Foreign Scripts: An Alleged Chinese Suicide Note

Some of the best published research in the identification of handwriting concerns Chinese writing. Rules that apply to English writing apply to Chinese, which also has its own special rules. This is set forth in one of my earlier papers: 19 Journal of the National Association of Document Examiners, "A case of Chinese handwriting," 12-23 (Spring 1996).

A Chinese lady was found hanging from a tree in Golden Gate Park, her feet dragging the ground. Two handwritten notes in Chinese stated she killed herself because she had accidentally contracted AIDS at work. Suit was brought against a doctor who had seen her once, claiming that this doctor’s words had unwarrantedly frightened decedent. However, both the notes and other circumstances of the case were suspicious, so I was asked to determine whether decedent had written the two alleged suicide notes. I determined that she had not and so testified at binding arbitration. There were other issues involved, and the arbitrators found in favor of the defendant doctor on all issues, including the fact that decedent had not written the two notes.

Here are sample words from one suicide note, on the left, and decedent’s authentic writing on the right.

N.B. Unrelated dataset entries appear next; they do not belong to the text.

lemma L2_set_add_shift_le:
  fixes f :: "nat \<Rightarrow> real"
  shows "L2_set (\<lambda>t. f t + f (t - 1)) {1..T} \<le> 2 * L2_set f {0..T}"
proof -
  have "L2_set (\<lambda>t. f (t - 1)) {1..T} = L2_set f ((\<lambda>t. t - 1) ` {1..T})"
    unfolding L2_set_def by (subst sum.reindex) (auto simp: inj_on_def)
  also have "\<dots> \<le> L2_set f {0..T}"
    by (rule L2_set_subset_mono) auto
  finally have "L2_set (\<lambda>t. f (t - 1)) {1..T} \<le> L2_set f {0..T}" .
  moreover have "L2_set f {1..T} \<le> L2_set f {0..T}"
    by (rule L2_set_subset_mono) auto
  ultimately show ?thesis
    using L2_set_triangle_ineq[of f "\<lambda>t. f (t - 1)" "{1..T}"] by linarith
qed

lemma exists_last_partial_sum_le:
  fixes D :: "nat \<Rightarrow> real"
  assumes "0 \<le> M"
  obtains k where "k \<le> T" "(\<Sum>s=1..k. D s) \<le> M" "\<forall>t\<in>{k<..T}. M < (\<Sum>s=1..t. D s)"
proof -
  define K where "K = {t\<in>{0..T}. (\<Sum>s=1..t. D s) \<le> M}"
  have "0 \<in> K" "finite K" using assms by (auto simp: K_def)
  then have "Max K \<in> K" by (auto intro: Max_in)
  show thesis
  proof (rule that)
    show "Max K \<le> T" "(\<Sum>s=1..Max K. D s) \<le> M"
      using \<open>Max K \<in> K\<close> by (auto simp: K_def)
    show "\<forall>t\<in>{Max K<..T}. M < (\<Sum>s=1..t. D s)"
    proof
      fix t assume t: "t \<in> {Max K<..T}"
      then have "t \<notin> K" using Max_ge[OF \<open>finite K\<close>] by fastforce
      then show "M < (\<Sum>s=1..t. D s)" using t by (auto simp: K_def)
    qed
  qed
qed

lemma adaptive_stepsize_threshold:
  fixes g \<gamma> :: "nat \<Rightarrow> real"
  assumes "0 < \<eta>" "0 \<le> c"
    and gamma_step: "\<forall>t\<in>{1..T}. \<gamma> t = 1 / \<eta> * sqrt (\<eta>\<^sup>2 * (\<gamma> 0)\<^sup>2 + (\<Sum>s=1..t. (g s)\<^sup>2))"
  obtains k where "k \<le> T" "L2_set g {1..k} \<le> \<eta> * c" "\<forall>t\<in>{Suc k<..T}. c \<le> \<gamma> (t - 1)"
proof -
  obtain k where "k \<le> T" and head: "(\<Sum>s=1..k. (g s)\<^sup>2) \<le> (\<eta> * c)\<^sup>2"
    and tail: "\<forall>t\<in>{k<..T}. (\<eta> * c)\<^sup>2 < (\<Sum>s=1..t. (g s)\<^sup>2)"
    using exists_last_partial_sum_le[of "(\<eta> * c)\<^sup>2"] by auto
  show thesis
  proof (rule that)
    show "k \<le> T" by fact
    show "L2_set g {1..k} \<le> \<eta> * c"
      unfolding L2_set_def using real_sqrt_le_mono[OF head] assms(1,2) by simp
    show "\<forall>t\<in>{Suc k<..T}. c \<le> \<gamma> (t - 1)"
    proof
      fix t assume t: "t \<in> {Suc k<..T}"
      have "t - 1 \<in> {k<..T}" using t by auto
      then have "(\<eta> * c)\<^sup>2 \<le> \<eta>\<^sup>2 * (\<gamma> 0)\<^sup>2 + (\<Sum>s=1..t - 1. (g s)\<^sup>2)"
        using tail by (intro add_increasing) (auto intro: less_imp_le)
      then have "1 / \<eta> * sqrt ((\<eta> * c)\<^sup>2)
          \<le> 1 / \<eta> * sqrt (\<eta>\<^sup>2 * (\<gamma> 0)\<^sup>2 + (\<Sum>s=1..t - 1. (g s)\<^sup>2))"
        using assms(1) by (intro mult_left_mono real_sqrt_le_mono) auto
      moreover have "t - 1 \<in> {1..T}" using t by auto
      ultimately show "c \<le> \<gamma> (t - 1)"
        using gamma_step assms(1,2) by simp
    qed
  qed
qed

lemma L2_set_tail_le:
  fixes g d e \<delta> :: "nat \<Rightarrow> real"
  assumes "0 \<le> \<beta>" "0 \<le> R"
    and g: "\<forall>t\<in>{k<..T}. 0 \<le> g t \<and> g t \<le> \<beta> * d t + e t"
    and d: "\<forall>t\<in>{k<..T}. \<bar>d t\<bar> \<le> R \<and> (d t)\<^sup>2 \<le> 2 * \<delta> t"
  shows "L2_set g {k<..T}
         \<le> \<beta> * (R + sqrt 2 * sqrt (\<Sum>t\<in>{Suc k<..T}. \<delta> t)) + L2_set e {k<..T}"
proof -
  have "L2_set d {k<..T} \<le> R + sqrt 2 * sqrt (\<Sum>t\<in>{Suc k<..T}. \<delta> t)"
  proof (cases "k < T")
    case True
    have "L2_set d {Suc k<..T} \<le> sqrt (\<Sum>t\<in>{Suc k<..T}. 2 * \<delta> t)"
      unfolding L2_set_def using d by (intro real_sqrt_le_mono sum_mono) auto
    moreover have "L2_set d {Suc k} \<le> R"
      using d True by simp
    moreover have "{k<..T} = {Suc k} \<union> {Suc k<..T}"
      using True by auto
    ultimately show ?thesis
      using L2_set_Un_le[of "{Suc k}" "{Suc k<..T}" d]
      by (simp add: sum_distrib_left[symmetric] real_sqrt_mult)
  next
    case False
    then show ?thesis using assms(2) by simp
  qed
  have "L2_set g {k<..T} \<le> L2_set (\<lambda>t. \<beta> * d t + e t) {k<..T}"
    using g by (intro L2_set_mono) auto
  also have "\<dots> \<le> \<beta> * L2_set d {k<..T} + L2_set e {k<..T}"
    using L2_set_triangle_ineq[of "\<lambda>t. \<beta> * d t" e] L2_set_right_distrib[OF assms(1), of d]
    by simp
  also have "\<dots> \<le> \<beta> * (R + sqrt 2 * sqrt (\<Sum>t\<in>{Suc k<..T}. \<delta> t)) + L2_set e {k<..T}"
    using \<open>L2_set d {k<..T} \<le> _\<close> assms(1) by (simp add: mult_left_mono)
  finally show ?thesis .
qed

lemma adaptive_stepsize_split:
  fixes g d e \<delta> \<gamma> :: "nat \<Rightarrow> real"
  assumes "0 < \<eta>" "0 \<le> \<beta>" "0 \<le> R" "0 \<le> \<gamma> 0" "0 \<le> c"
    and gamma_step: "\<forall>t\<in>{1..T}. \<gamma> t = 1 / \<eta> * sqrt (\<eta>\<^sup>2 * (\<gamma> 0)\<^sup>2 + (\<Sum>s=1..t. (g s)\<^sup>2))"
    and g: "\<forall>t\<in>{1..T}. 0 \<le> g t \<and> g t \<le> \<beta> * d t + e t"
    and d: "\<forall>t\<in>{1..T}. \<bar>d t\<bar> \<le> R \<and> (d t)\<^sup>2 \<le> 2 * \<delta> t"
  obtains u where "0 \<le> u"
    and "L2_set g {1..T} \<le> \<eta> * c + \<beta> * R + \<beta> * sqrt 2 * sqrt u + L2_set e {1..T}"
    and "c * u \<le> (\<Sum>t=1..T. \<gamma> (t - 1) * \<delta> t)"
proof -
  obtain k where "k \<le> T" and head: "L2_set g {1..k} \<le> \<eta> * c"
    and large_step: "\<forall>t\<in>{Suc k<..T}. c \<le> \<gamma> (t - 1)"
    using adaptive_stepsize_threshold[OF assms(1,5) gamma_step] by blast
  define u where "u = (\<Sum>t\<in>{Suc k<..T}. \<delta> t)"
  have delta_nonneg: "0 \<le> \<delta> t" if "t \<in> {1..T}" for t
  proof -
    have "(d t)\<^sup>2 \<le> 2 * \<delta> t" using d that by blast
    then show ?thesis using zero_le_power2[of "d t"] by linarith
  qed
  have gamma_nonneg: "0 \<le> \<gamma> t" if "t \<le> T" for t
    using that gamma_step assms(1,4)
    by (cases "t = 0") (auto intro!: divide_nonneg_pos add_nonneg_nonneg sum_nonneg)
  show thesis
  proof (rule that)
    show "0 \<le> u"
      unfolding u_def using delta_nonneg \<open>k \<le> T\<close> by (intro sum_nonneg) auto
    have "{1..T} = {1..k} \<union> {k<..T}"
      using \<open>k \<le> T\<close> by auto
    then have "L2_set g {1..T} \<le> L2_set g {1..k} + L2_set g {k<..T}"
      using L2_set_Un_le[of "{1..k}" "{k<..T}" g] by simp
    also have "L2_set g {k<..T} \<le> \<beta> * (R + sqrt 2 * sqrt u) + L2_set e {1..T}"
      using L2_set_tail_le[OF assms(2,3), of k T g d e \<delta>] g d
        L2_set_subset_mono[of "{k<..T}" "{1..T}" e]
      unfolding u_def by fastforce
    finally show "L2_set g {1..T} \<le> \<eta> * c + \<beta> * R + \<beta> * sqrt 2 * sqrt u + L2_set e {1..T}"
      using head by (simp add: algebra_simps)
    have "c * u \<le> (\<Sum>t\<in>{Suc k<..T}. \<gamma> (t - 1) * \<delta> t)"
      unfolding u_def sum_distrib_left using large_step delta_nonneg
      by (intro sum_mono mult_right_mono) auto
    also have "\<dots> \<le> (\<Sum>t=1..T. \<gamma> (t - 1) * \<delta> t)"
      using gamma_nonneg delta_nonneg by (intro sum_mono2) auto
    finally show "c * u \<le> (\<Sum>t=1..T. \<gamma> (t - 1) * \<delta> t)" .
  qed
qed

lemma adaptive_stepsize_increment_bound:
  fixes g d e \<delta> \<gamma> :: "nat \<Rightarrow> real"
  assumes "0 < \<eta>" "0 \<le> \<beta>" "0 \<le> R" "0 \<le> \<gamma> 0"
    and gamma_step: "\<forall>t\<in>{1..T}. \<gamma> t = 1 / \<eta> * sqrt (\<eta>\<^sup>2 * (\<gamma> 0)\<^sup>2 + (\<Sum>s=1..t. (g s)\<^sup>2))"
    and g: "\<forall>t\<in>{1..T}. 0 \<le> g t \<and> g t \<le> \<beta> * d t + e t"
    and d: "\<forall>t\<in>{1..T}. \<bar>d t\<bar> \<le> R \<and> (d t)\<^sup>2 \<le> 2 * \<delta> t"
  shows "(1/2 * R\<^sup>2 / \<eta> + 2 * \<eta>) * L2_set g {1..T} - 1/2 * (\<Sum>t=1..T. \<gamma> (t - 1) * \<delta> t)
         \<le> \<beta> * (1/2 * R\<^sup>2 / \<eta> + 2 * \<eta>) * ((2 + sqrt 2) * R + 4 * \<eta>)
           + (1/2 * R\<^sup>2 / \<eta> + 2 * \<eta>) * L2_set e {1..T}"
proof -
  define A where "A = 1/2 * R\<^sup>2 / \<eta> + 2 * \<eta>"
  define c where "c = \<beta> * (R + 2 * \<eta>) / \<eta>"
  have "0 < A" "0 \<le> c"
    using assms(1-3) by (auto simp: A_def c_def add_nonneg_pos)
  obtain u where "0 \<le> u"
    and increments: "L2_set g {1..T} \<le> \<eta> * c + \<beta> * R + \<beta> * sqrt 2 * sqrt u + L2_set e {1..T}"
    and weighted: "c * u \<le> (\<Sum>t=1..T. \<gamma> (t - 1) * \<delta> t)"
    using adaptive_stepsize_split[OF assms(1-4) \<open>0 \<le> c\<close> gamma_step g d] by blast
  have Young: "A * \<beta> * sqrt 2 * sqrt u \<le> A * \<beta> * (R + 2 * \<eta>) / 2 + c / 2 * u"
  proof (rule Youngs_inequality_sqrt)
    have "2 * A \<le> (R + 2 * \<eta>)\<^sup>2 / \<eta>"
      using assms(1,3) by (simp add: A_def field_simps power2_eq_square)
    have "(A * \<beta> * sqrt 2)\<^sup>2 = 2 * A * (A * \<beta>\<^sup>2)"
      by (simp add: power_mult_distrib power2_eq_square)
    also have "\<dots> \<le> (R + 2 * \<eta>)\<^sup>2 / \<eta> * (A * \<beta>\<^sup>2)"
      using \<open>2 * A \<le> _\<close> \<open>0 < A\<close> by (intro mult_right_mono) auto
    also have "\<dots> = 2 * c * (A * \<beta> * (R + 2 * \<eta>) / 2)"
      using assms(1) by (simp add: c_def power2_eq_square)
    finally show "(A * \<beta> * sqrt 2)\<^sup>2 \<le> 2 * c * (A * \<beta> * (R + 2 * \<eta>) / 2)" .
  qed (use \<open>0 \<le> c\<close> \<open>0 \<le> u\<close> \<open>0 < A\<close> assms(1-3) in auto)
  have constants: "\<eta> * c + \<beta> * R + \<beta> * (R + 2 * \<eta>) / 2 \<le> \<beta> * ((2 + sqrt 2) * R + 4 * \<eta>)"
  proof -
    have "R \<le> sqrt 2 * R"
      using assms(3) mult_right_mono[of 1 "sqrt 2" R] by simp
    then have "5/2 * R + 3 * \<eta> \<le> (2 + sqrt 2) * R + 4 * \<eta>"
      using assms(1,3) by (simp add: algebra_simps)
    have "\<eta> * c = \<beta> * (R + 2 * \<eta>)"
      using assms(1) by (simp add: c_def)
    then have "\<eta> * c + \<beta> * R + \<beta> * (R + 2 * \<eta>) / 2 = \<beta> * (5/2 * R + 3 * \<eta>)"
      by (simp add: field_simps)
    also have "\<dots> \<le> \<beta> * ((2 + sqrt 2) * R + 4 * \<eta>)"
      using \<open>5/2 * R + 3 * \<eta> \<le> _\<close> assms(2) by (rule mult_left_mono)
    finally show ?thesis .
  qed
  have "A * L2_set g {1..T} - 1/2 * (\<Sum>t=1..T. \<gamma> (t - 1) * \<delta> t)
      \<le> A * (\<eta> * c + \<beta> * R + \<beta> * sqrt 2 * sqrt u + L2_set e {1..T}) - c / 2 * u"
    using mult_left_mono[OF increments less_imp_le[OF \<open>0 < A\<close>]] weighted by linarith
  also have "\<dots> = A * (\<eta> * c + \<beta> * R) + (A * \<beta> * sqrt 2 * sqrt u - c / 2 * u) + A * L2_set e {1..T}"
    by (simp add: algebra_simps)
  also have "\<dots> \<le> A * (\<eta> * c + \<beta> * R + \<beta> * (R + 2 * \<eta>) / 2) + A * L2_set e {1..T}"
    using Young by (simp add: algebra_simps)
  also have "\<dots> \<le> \<beta> * A * ((2 + sqrt 2) * R + 4 * \<eta>) + A * L2_set e {1..T}"
    using mult_left_mono[OF constants less_imp_le[OF \<open>0 < A\<close>]] by (simp add: mult_ac)
  finally show ?thesis
    unfolding A_def .
qed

samples of foreign scripts

No one had the original suicide notes, so I had to work with copies of unknown generations. Exemplars were in original. Comparing the same characters from one suicide note and one exemplar and relying on features that must belong to the original and not due to copying, we see differences in style, proportions, fluidity, angles and slant, continuity, and tempo. In the same way, paleographers identify ancient scripts, even cuneiform, as to specific periods and scribes, for the human graphic motor sequence is the same among all literate peoples of all times and climes.